**WHAT THE TASK REQUIRES**
Reproduce, exactly as they appear, the line containing "K x i \<le>" and every line after it, ending with the last line of the records.

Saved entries
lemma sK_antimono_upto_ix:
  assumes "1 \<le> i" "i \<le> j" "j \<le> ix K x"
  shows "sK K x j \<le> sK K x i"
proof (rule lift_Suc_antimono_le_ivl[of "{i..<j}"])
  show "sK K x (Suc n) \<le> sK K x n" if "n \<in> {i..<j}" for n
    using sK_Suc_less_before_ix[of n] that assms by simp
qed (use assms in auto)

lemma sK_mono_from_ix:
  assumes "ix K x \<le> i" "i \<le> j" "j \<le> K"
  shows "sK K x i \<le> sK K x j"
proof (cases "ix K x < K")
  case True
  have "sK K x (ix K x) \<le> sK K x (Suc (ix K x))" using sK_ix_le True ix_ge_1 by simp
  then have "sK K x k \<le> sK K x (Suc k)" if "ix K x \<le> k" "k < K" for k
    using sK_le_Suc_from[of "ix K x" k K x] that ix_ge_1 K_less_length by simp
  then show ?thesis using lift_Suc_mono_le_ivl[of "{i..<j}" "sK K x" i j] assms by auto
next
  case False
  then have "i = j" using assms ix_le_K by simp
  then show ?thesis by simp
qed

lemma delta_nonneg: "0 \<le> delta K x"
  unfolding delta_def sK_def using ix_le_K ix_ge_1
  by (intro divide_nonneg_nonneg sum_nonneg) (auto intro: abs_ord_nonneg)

**ANSWER FOR THE TASK**
  shows "sK K x i \<le> sK K x j"
proof (cases "ix K x < K")
  case True
  have "sK K x (ix K x) \<le> sK K x (Suc (ix K x))" using sK_ix_le True ix_ge_1 by simp
  then have "sK K x k \<le> sK K x (Suc k)" if "ix K x \<le> k" "k < K" for k
    using sK_le_Suc_from[of "ix K x" k K x] that ix_ge_1 K_less_length by simp
  then show ?thesis using lift_Suc_mono_le_ivl[of "{i..<j}" "sK K x" i j] assms by auto
next
  case False
  then have "i = j" using assms ix_le_K by simp
  then show ?thesis by simp
qed

lemma delta_nonneg: "0 \<le> delta K x"
  unfolding delta_def sK_def using ix_le_K ix_ge_1
  by (intro divide_nonneg_nonneg sum_nonneg) (auto intro: abs_ord_nonneg)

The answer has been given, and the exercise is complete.